As faithful readers know, I will experiment with things now and then. I've launched skyrockets carrying doodlebugs for pilots and buried their dead doodle bodies under rocks. When I was about 12 years old, I blew up a homemade tower and gantry, causing people in my old hometown to believe they'd felt an earthquake. A few years back, I set two plug-in air fresheners on fire. The smoke clung to wife Brenda, and to this day she smells a little bit like apple-cinnamon air freshener.
So y'all shouldn't be surprised that I opened up a few compact fluorescent bulbs, just to see what's in there. You want to know what's in there? Check this picture. There's a circuit board, resistors, diodes, capacitors, wires and a whole bunch of other things I don't recognize. Does this look like a light bulb to you?
It shouldn't look like a light bulb exactly, because it's just part of a light bulb. What you see is a circuit board, harvested from a CFL bulb. These circuit boards sometimes overheat. Why do they overheat, you may ask? Well, they can get hot if they're hooked up to a dimmer. A lot of homeowners have CFL bulbs hooked up to dimmers. Turn up the dimmers in a circuit with a CFL on the other end, and the guts of your CFL will get hot, then smoke or maybe even catch fire.
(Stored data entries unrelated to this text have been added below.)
(* Let $\{\zeta_k\}_{k\ge1}$ be i.i.d. standard exponential random variables, $\eta_i:=-\log\left(\sum_{k=1}^i\zeta_k\right)$ for $i\ge1$, and let $\{Z_{ij}\}_{1\le i<j}$ be i.i.d. standard normal random variables independent of the $\eta_i$. For $c\ge0$ define $$Y_c:=\sup_{i<j}\left\{\frac{\eta_i+\eta_j}{\sqrt2}+cZ_{ij}\right\}.$$ Then (i) $Y_c<\infty$ almost surely for every $c\ge0$; and (ii) if $(\gamma_m)_{m\ge1}$ is a sequence of nonnegative reals with $\gamma_m\to c$, then $Y_{\gamma_m}\xrightarrow{d}Y_c$ as $m\to\infty$. *)

theory Defs
  imports "HOL-Probability.Probability"
begin

definition eta_rv :: "(nat \<Rightarrow> 'a \<Rightarrow> real) \<Rightarrow> nat \<Rightarrow> 'a \<Rightarrow> real" where
  "eta_rv \<zeta> i \<omega> = - ln (\<Sum>k\<in>{1..i}. \<zeta> k \<omega>)"

definition Y_rv :: "(nat \<Rightarrow> 'a \<Rightarrow> real) \<Rightarrow> (nat \<Rightarrow> nat \<Rightarrow> 'a \<Rightarrow> real) \<Rightarrow> real \<Rightarrow> 'a \<Rightarrow> ereal" where
  "Y_rv \<zeta> Z c \<omega> =
     (SUP p\<in>{(i, j). 1 \<le> i \<and> i < j}.
        ereal ((eta_rv \<zeta> (fst p) \<omega> + eta_rv \<zeta> (snd p) \<omega>) / sqrt 2 + c * Z (fst p) (snd p) \<omega>))"

definition joint_family :: "(nat \<Rightarrow> 'a \<Rightarrow> real) \<Rightarrow> (nat \<Rightarrow> nat \<Rightarrow> 'a \<Rightarrow> real) \<Rightarrow> nat + nat \<times> nat \<Rightarrow> 'a \<Rightarrow> real" where
  "joint_family \<zeta> Z x = (case x of Inl k \<Rightarrow> \<zeta> k | Inr (i, j) \<Rightarrow> Z i j)"

definition joint_index :: "(nat + nat \<times> nat) set" where
  "joint_index = Inl ` {k. 1 \<le> k} \<union> Inr ` {(i, j). 1 \<le> i \<and> i < j}"

end

theory Submission
  imports Defs
begin

text \<open>
  Almost surely, by Borel-Cantelli, the partial sums \<open>\<zeta>\<^sub>1 + \<dots> + \<zeta>\<^sub>n\<close> eventually exceed \<open>n/2\<close>
  (a Chernoff bound for the Erlang distribution), so \<open>\<eta>\<^sub>i \<le> U - ln i\<close> for all \<open>i\<close>; and
  \<open>|Z\<^sub>i\<^sub>j| \<le> 4 \<surd>(ln j)\<close> for all \<open>i < j\<close> once \<open>j\<close> is large (a Gaussian tail bound and a union
  bound over \<open>i < j\<close>). Then \<open>(\<eta>\<^sub>i + \<eta>\<^sub>j)/\<surd>2 + C |Z\<^sub>i\<^sub>j| \<le> R - (ln j)/4\<close>, so only finitely many
  pairs reach any given level. Consequently, for \<open>|\<gamma>| \<le> C\<close> the supremum \<open>Y\<^sub>\<gamma>\<close> is the maximum of
  finitely many affine functions of \<open>\<gamma>\<close>, taken over a set that does not depend on \<open>\<gamma>\<close>: it is
  finite and continuous in \<open>\<gamma>\<close>. So \<open>Y\<^sub>\<gamma>\<^sub>m \<rightarrow> Y\<^sub>c\<close> almost surely, which implies convergence
  in distribution.
\<close>

lemma tendsto_Max_image:
  fixes g :: "'p \<Rightarrow> 'b \<Rightarrow> 'c::linorder_topology"
  assumes "finite F" "F \<noteq> {}" "\<And>p. p \<in> F \<Longrightarrow> (g p \<longlongrightarrow> l p) net"
  shows "((\<lambda>x. Max ((\<lambda>p. g p x) ` F)) \<longlongrightarrow> Max (l ` F)) net"
  using assms
proof (induction F rule: finite_ne_induct)
  case (singleton p)
  then show ?case by simp
next
  case (insert p F)
  then have "((\<lambda>x. max (g p x) (Max ((\<lambda>q. g q x) ` F))) \<longlongrightarrow> max (l p) (Max (l ` F))) net"
    by (intro tendsto_max) auto
  with insert show ?case by simp
qed

lemma SUP_affine_eq_Max_locally:
  fixes a b :: "'p \<Rightarrow> real"
  assumes levels: "\<And>K. finite {p\<in>P. K \<le> a p + C * \<bar>b p\<bar>}" and "P \<noteq> {}" and "0 \<le> C"
  obtains F where "finite F" "F \<noteq> {}" "F \<subseteq> P"
    "\<And>\<gamma>. \<bar>\<gamma>\<bar> \<le> C \<Longrightarrow> (SUP p\<in>P. ereal (a p + \<gamma> * b p)) = ereal (Max ((\<lambda>p. a p + \<gamma> * b p) ` F))"
proof -
  obtain p0 where p0: "p0 \<in> P" using \<open>P \<noteq> {}\<close> by blast
  define F where "F = {p\<in>P. a p0 - C * \<bar>b p0\<bar> \<le> a p + C * \<bar>b p\<bar>}"
  have "finite F" unfolding F_def by (rule levels)
  moreover have "p0 \<in> F" "F \<subseteq> P" unfolding F_def using p0 \<open>0 \<le> C\<close> by auto
  moreover have "(SUP p\<in>P. ereal (a p + \<gamma> * b p)) = ereal (Max ((\<lambda>p. a p + \<gamma> * b p) ` F))"
    if \<gamma>: "\<bar>\<gamma>\<bar> \<le> C" for \<gamma>
  proof -
    let ?f = "\<lambda>p. a p + \<gamma> * b p"
    \<comment> \<open>Outside \<open>F\<close> the perturbed value lies below the perturbed value at \<open>p0\<close>.\<close>
    have perturb: "a p - C * \<bar>b p\<bar> \<le> ?f p \<and> ?f p \<le> a p + C * \<bar>b p\<bar>" for p
    proof -
      have "\<bar>\<gamma> * b p\<bar> \<le> C * \<bar>b p\<bar>"
        using \<gamma> by (simp add: abs_mult mult_right_mono)
      then show ?thesis by (simp add: abs_le_iff)
    qed
    have bounded: "?f p \<le> Max (?f ` F)" if "p \<in> P" for p
    proof (cases "p \<in> F")
      case True
      with \<open>finite F\<close> show ?thesis by simp
    next
      case False
      with that have "?f p \<le> ?f p0" using perturb[of p] perturb[of p0] by (auto simp: F_def)
      also have "\<dots> \<le> Max (?f ` F)" using \<open>finite F\<close> \<open>p0 \<in> F\<close> by simp
      finally show ?thesis .
    qed
    obtain q where q: "q \<in> F" "Max (?f ` F) = ?f q"
      using Max_in[of "?f ` F"] \<open>finite F\<close> \<open>p0 \<in> F\<close> by fastforce
    show ?thesis
    proof (rule antisym)
      show "(SUP p\<in>P. ereal (?f p)) \<le> ereal (Max (?f ` F))"
        by (rule SUP_least) (simp add: bounded)
      show "ereal (Max (?f ` F)) \<le> (SUP p\<in>P. ereal (?f p))"
        unfolding q(2) using q(1) \<open>F \<subseteq> P\<close> by (intro SUP_upper) auto
    qed
  qed
  ultimately show thesis using that by blast
qed

lemma
  fixes a b :: "'p \<Rightarrow> real"
  assumes levels: "\<And>C K. 0 \<le> C \<Longrightarrow> finite {p\<in>P. K \<le> a p + C * \<bar>b p\<bar>}" and "P \<noteq> {}"
  shows SUP_affine_less_infinity: "(SUP p\<in>P. ereal (a p + \<gamma> * b p)) < \<infinity>"
    and isCont_SUP_affine: "isCont (\<lambda>\<gamma>. real_of_ereal (SUP p\<in>P. ereal (a p + \<gamma> * b p))) c"
proof -
  have nonneg: "0 \<le> \<bar>\<gamma>\<bar>" by simp
  obtain F where "finite F" "F \<noteq> {}" "F \<subseteq> P"
    and "\<And>\<gamma>'. \<bar>\<gamma>'\<bar> \<le> \<bar>\<gamma>\<bar> \<Longrightarrow> (SUP p\<in>P. ereal (a p + \<gamma>' * b p)) = ereal (Max ((\<lambda>p. a p + \<gamma>' * b p) ` F))"
    by (rule SUP_affine_eq_Max_locally[OF levels[OF nonneg] \<open>P \<noteq> {}\<close> nonneg]) blast
  then show "(SUP p\<in>P. ereal (a p + \<gamma> * b p)) < \<infinity>" by simp
  have nonneg': "0 \<le> \<bar>c\<bar> + 1" by simp
  obtain F where F: "finite F" "F \<noteq> {}" "F \<subseteq> P"
    and Max: "\<And>\<gamma>. \<bar>\<gamma>\<bar> \<le> \<bar>c\<bar> + 1 \<Longrightarrow> (SUP p\<in>P. ereal (a p + \<gamma> * b p)) = ereal (Max ((\<lambda>p. a p + \<gamma> * b p) ` F))"
    by (rule SUP_affine_eq_Max_locally[OF levels[OF nonneg'] \<open>P \<noteq> {}\<close> nonneg']) blast
  have near: "eventually (\<lambda>\<gamma>. \<bar>\<gamma>\<bar> \<le> \<bar>c\<bar> + 1) (at c)"
    unfolding eventually_at dist_real_def by (rule exI[of _ 1]) auto
  have "((\<lambda>\<gamma>. Max ((\<lambda>p. a p + \<gamma> * b p) ` F)) \<longlongrightarrow> Max ((\<lambda>p. a p + c * b p) ` F)) (at c)"
    using F by (intro tendsto_Max_image tendsto_intros) auto
  moreover have "eventually (\<lambda>\<gamma>. Max ((\<lambda>p. a p + \<gamma> * b p) ` F) = real_of_ereal (SUP p\<in>P. ereal (a p + \<gamma> * b p))) (at c)"
    using near by eventually_elim (simp add: Max)
  ultimately have "((\<lambda>\<gamma>. real_of_ereal (SUP p\<in>P. ereal (a p + \<gamma> * b p))) \<longlongrightarrow> Max ((\<lambda>p. a p + c * b p) ` F)) (at c)"
    by (rule Lim_transform_eventually)
  then show "isCont (\<lambda>\<gamma>. real_of_ereal (SUP p\<in>P. ereal (a p + \<gamma> * b p))) c"
    unfolding isCont_def using Max[of c] by simp
qed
Note to Nashville Cats: Some of the parts on a CFL circuit board can be repurposed to upgrade guitar players' stompboxes. Do we really need stompbox parts in a light bulb? I don't think so. I say let NASA give all the world's CFL bulbs a rocket ride to the sun and let us citizens continue to use our tried-and-true high-functioning old-school light bulbs.
The best example of an exceptional old-school bulb is the "Centennial Light," the world's longest-lasting light bulb, which is now in its 110th year. Last time I checked, the bulb was located at Fire Station 6 in Livermore, Calif. The bulb has its own fan page, www.centennialbulb.org.
Best I can tell, old-school bulbs work just fine. They worked for Thomas Edison, and they've worked for me. You can eat an incandescent light bulb — not that you'd want to. But if you're curious, go to YouTube and search for "eat light bulb." There, you'll be able to see a fair number of geeks eat — or at least chew up and spit out — incandescent light bulbs.
Bulb-eating geeks, don't say I didn't warn you. If you just can't resist the urge to eat a light bulb, I say stick to the mercury-free ones, mix a few slabs of cornbread in with the broken glass and wash it all down with buttermilk.